**EXTRACTED RECORDS**.

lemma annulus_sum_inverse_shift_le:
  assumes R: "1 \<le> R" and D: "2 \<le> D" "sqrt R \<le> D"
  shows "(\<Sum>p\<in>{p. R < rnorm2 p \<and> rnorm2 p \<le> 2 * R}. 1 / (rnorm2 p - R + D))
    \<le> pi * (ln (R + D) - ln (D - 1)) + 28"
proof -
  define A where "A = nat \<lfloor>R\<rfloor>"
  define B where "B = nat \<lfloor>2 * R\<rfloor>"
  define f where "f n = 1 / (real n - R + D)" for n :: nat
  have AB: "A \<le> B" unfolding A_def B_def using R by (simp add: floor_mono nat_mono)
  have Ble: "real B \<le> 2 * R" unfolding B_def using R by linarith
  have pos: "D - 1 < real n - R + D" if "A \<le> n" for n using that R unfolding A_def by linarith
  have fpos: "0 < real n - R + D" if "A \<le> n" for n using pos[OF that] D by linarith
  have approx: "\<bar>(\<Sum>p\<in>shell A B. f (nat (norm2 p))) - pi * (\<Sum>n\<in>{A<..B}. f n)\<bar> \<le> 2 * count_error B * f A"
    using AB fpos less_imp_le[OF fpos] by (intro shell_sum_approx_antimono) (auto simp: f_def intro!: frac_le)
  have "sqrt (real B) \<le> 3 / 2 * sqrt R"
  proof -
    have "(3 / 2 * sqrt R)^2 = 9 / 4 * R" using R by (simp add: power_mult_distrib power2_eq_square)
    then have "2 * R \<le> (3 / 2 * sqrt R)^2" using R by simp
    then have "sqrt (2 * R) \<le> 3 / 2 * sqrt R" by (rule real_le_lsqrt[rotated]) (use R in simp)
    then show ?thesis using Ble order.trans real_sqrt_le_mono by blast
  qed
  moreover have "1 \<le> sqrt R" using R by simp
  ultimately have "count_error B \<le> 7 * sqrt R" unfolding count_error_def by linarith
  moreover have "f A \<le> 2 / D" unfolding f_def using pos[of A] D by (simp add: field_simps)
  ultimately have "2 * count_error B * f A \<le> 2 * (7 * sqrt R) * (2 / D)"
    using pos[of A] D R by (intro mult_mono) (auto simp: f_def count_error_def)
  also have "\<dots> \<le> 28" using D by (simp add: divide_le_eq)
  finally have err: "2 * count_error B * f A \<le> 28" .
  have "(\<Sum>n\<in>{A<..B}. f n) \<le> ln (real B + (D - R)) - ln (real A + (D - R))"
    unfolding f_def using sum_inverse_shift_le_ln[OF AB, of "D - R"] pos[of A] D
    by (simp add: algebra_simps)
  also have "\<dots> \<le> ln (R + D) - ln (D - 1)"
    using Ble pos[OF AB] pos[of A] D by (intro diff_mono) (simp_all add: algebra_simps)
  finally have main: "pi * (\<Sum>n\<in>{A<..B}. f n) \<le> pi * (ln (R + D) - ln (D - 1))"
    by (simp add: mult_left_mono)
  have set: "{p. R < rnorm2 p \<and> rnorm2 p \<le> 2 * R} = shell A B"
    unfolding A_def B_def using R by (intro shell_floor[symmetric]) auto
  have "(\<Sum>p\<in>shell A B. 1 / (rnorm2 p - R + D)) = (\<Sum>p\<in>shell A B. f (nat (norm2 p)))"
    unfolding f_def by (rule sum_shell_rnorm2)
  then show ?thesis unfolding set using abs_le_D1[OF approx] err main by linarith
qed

--

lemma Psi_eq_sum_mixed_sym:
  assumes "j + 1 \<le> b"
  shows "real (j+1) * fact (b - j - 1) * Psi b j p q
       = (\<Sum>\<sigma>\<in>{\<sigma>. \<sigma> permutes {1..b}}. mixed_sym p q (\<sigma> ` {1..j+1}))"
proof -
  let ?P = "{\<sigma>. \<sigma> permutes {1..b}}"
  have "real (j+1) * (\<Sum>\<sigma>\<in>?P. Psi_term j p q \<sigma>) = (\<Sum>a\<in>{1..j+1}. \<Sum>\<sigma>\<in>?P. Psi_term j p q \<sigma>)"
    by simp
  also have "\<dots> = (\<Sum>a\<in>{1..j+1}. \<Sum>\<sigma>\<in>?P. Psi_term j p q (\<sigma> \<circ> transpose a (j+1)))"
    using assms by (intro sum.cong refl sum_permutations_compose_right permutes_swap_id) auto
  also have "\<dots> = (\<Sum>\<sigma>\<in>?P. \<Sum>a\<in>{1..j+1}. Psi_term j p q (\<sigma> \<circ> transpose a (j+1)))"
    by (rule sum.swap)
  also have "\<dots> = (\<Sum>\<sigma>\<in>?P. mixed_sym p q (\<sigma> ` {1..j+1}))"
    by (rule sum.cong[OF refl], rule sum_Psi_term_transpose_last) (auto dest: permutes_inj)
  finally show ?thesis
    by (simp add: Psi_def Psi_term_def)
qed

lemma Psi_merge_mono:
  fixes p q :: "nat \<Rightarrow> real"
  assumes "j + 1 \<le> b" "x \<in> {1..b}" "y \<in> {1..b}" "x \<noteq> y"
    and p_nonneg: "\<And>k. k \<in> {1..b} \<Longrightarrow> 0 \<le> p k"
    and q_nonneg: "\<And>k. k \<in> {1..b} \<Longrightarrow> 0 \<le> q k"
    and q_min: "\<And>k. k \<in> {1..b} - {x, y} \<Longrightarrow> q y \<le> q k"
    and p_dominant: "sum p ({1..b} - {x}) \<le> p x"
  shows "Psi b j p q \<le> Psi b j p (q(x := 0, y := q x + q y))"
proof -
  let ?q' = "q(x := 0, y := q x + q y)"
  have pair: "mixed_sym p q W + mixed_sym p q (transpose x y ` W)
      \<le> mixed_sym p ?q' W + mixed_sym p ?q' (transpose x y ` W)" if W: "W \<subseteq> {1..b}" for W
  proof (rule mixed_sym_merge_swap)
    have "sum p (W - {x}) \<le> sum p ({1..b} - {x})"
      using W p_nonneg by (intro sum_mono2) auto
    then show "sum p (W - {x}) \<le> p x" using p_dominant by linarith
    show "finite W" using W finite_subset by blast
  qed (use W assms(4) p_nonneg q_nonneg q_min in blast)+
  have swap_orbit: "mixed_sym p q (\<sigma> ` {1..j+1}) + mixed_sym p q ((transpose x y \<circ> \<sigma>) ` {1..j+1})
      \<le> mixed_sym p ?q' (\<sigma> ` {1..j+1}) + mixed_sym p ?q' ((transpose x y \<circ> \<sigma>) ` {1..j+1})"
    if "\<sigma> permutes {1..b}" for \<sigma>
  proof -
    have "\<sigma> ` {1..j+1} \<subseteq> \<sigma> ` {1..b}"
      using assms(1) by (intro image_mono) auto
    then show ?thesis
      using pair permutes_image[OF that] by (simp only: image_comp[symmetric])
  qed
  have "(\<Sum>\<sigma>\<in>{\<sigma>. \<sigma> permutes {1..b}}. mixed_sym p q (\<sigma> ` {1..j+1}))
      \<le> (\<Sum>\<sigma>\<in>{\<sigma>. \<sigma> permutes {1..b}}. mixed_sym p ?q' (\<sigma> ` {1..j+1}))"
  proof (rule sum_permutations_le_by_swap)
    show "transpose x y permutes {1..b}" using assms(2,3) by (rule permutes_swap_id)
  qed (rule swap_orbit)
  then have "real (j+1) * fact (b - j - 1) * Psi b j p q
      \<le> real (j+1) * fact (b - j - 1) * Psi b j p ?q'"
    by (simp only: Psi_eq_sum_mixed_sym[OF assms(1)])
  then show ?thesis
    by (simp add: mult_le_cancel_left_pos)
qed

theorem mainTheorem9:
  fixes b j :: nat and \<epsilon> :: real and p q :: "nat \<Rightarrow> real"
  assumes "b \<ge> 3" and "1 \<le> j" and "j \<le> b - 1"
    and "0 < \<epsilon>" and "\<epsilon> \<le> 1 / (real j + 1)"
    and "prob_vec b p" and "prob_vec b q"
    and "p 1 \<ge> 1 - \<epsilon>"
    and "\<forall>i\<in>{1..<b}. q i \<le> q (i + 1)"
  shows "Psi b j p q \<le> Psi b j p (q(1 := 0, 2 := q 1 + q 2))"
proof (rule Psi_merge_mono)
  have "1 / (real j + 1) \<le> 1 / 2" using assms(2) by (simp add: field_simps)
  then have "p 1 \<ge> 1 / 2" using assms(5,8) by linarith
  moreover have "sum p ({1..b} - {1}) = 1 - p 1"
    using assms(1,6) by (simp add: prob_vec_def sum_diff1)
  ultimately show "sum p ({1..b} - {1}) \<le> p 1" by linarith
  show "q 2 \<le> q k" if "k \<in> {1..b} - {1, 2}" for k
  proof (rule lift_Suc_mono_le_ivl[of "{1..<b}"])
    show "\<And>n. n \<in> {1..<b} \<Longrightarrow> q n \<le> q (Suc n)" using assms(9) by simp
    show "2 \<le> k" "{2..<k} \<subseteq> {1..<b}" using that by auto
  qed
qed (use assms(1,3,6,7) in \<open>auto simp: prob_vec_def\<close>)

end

**YOUR INSTRUCTIONS**.
All lines above from the one holding "add: floor_mono nat_mono)" to the one holding "unfolding A_def B_def using R by (intro", inclusive, are to be copied exactly; no other line is wanted.

**WORKED SOLUTION**.
  have AB: "A \<le> B" unfolding A_def B_def using R by (simp add: floor_mono nat_mono)
  have Ble: "real B \<le> 2 * R" unfolding B_def using R by linarith
  have pos: "D - 1 < real n - R + D" if "A \<le> n" for n using that R unfolding A_def by linarith
  have fpos: "0 < real n - R + D" if "A \<le> n" for n using pos[OF that] D by linarith
  have approx: "\<bar>(\<Sum>p\<in>shell A B. f (nat (norm2 p))) - pi * (\<Sum>n\<in>{A<..B}. f n)\<bar> \<le> 2 * count_error B * f A"
    using AB fpos less_imp_le[OF fpos] by (intro shell_sum_approx_antimono) (auto simp: f_def intro!: frac_le)
  have "sqrt (real B) \<le> 3 / 2 * sqrt R"
  proof -
    have "(3 / 2 * sqrt R)^2 = 9 / 4 * R" using R by (simp add: power_mult_distrib power2_eq_square)
    then have "2 * R \<le> (3 / 2 * sqrt R)^2" using R by simp
    then have "sqrt (2 * R) \<le> 3 / 2 * sqrt R" by (rule real_le_lsqrt[rotated]) (use R in simp)
    then show ?thesis using Ble order.trans real_sqrt_le_mono by blast
  qed
  moreover have "1 \<le> sqrt R" using R by simp
  ultimately have "count_error B \<le> 7 * sqrt R" unfolding count_error_def by linarith
  moreover have "f A \<le> 2 / D" unfolding f_def using pos[of A] D by (simp add: field_simps)
  ultimately have "2 * count_error B * f A \<le> 2 * (7 * sqrt R) * (2 / D)"
    using pos[of A] D R by (intro mult_mono) (auto simp: f_def count_error_def)
  also have "\<dots> \<le> 28" using D by (simp add: divide_le_eq)
  finally have err: "2 * count_error B * f A \<le> 28" .
  have "(\<Sum>n\<in>{A<..B}. f n) \<le> ln (real B + (D - R)) - ln (real A + (D - R))"
    unfolding f_def using sum_inverse_shift_le_ln[OF AB, of "D - R"] pos[of A] D
    by (simp add: algebra_simps)
  also have "\<dots> \<le> ln (R + D) - ln (D - 1)"
    using Ble pos[OF AB] pos[of A] D by (intro diff_mono) (simp_all add: algebra_simps)
  finally have main: "pi * (\<Sum>n\<in>{A<..B}. f n) \<le> pi * (ln (R + D) - ln (D - 1))"
    by (simp add: mult_left_mono)
  have set: "{p. R < rnorm2 p \<and> rnorm2 p \<le> 2 * R} = shell A B"
    unfolding A_def B_def using R by (intro shell_floor[symmetric]) auto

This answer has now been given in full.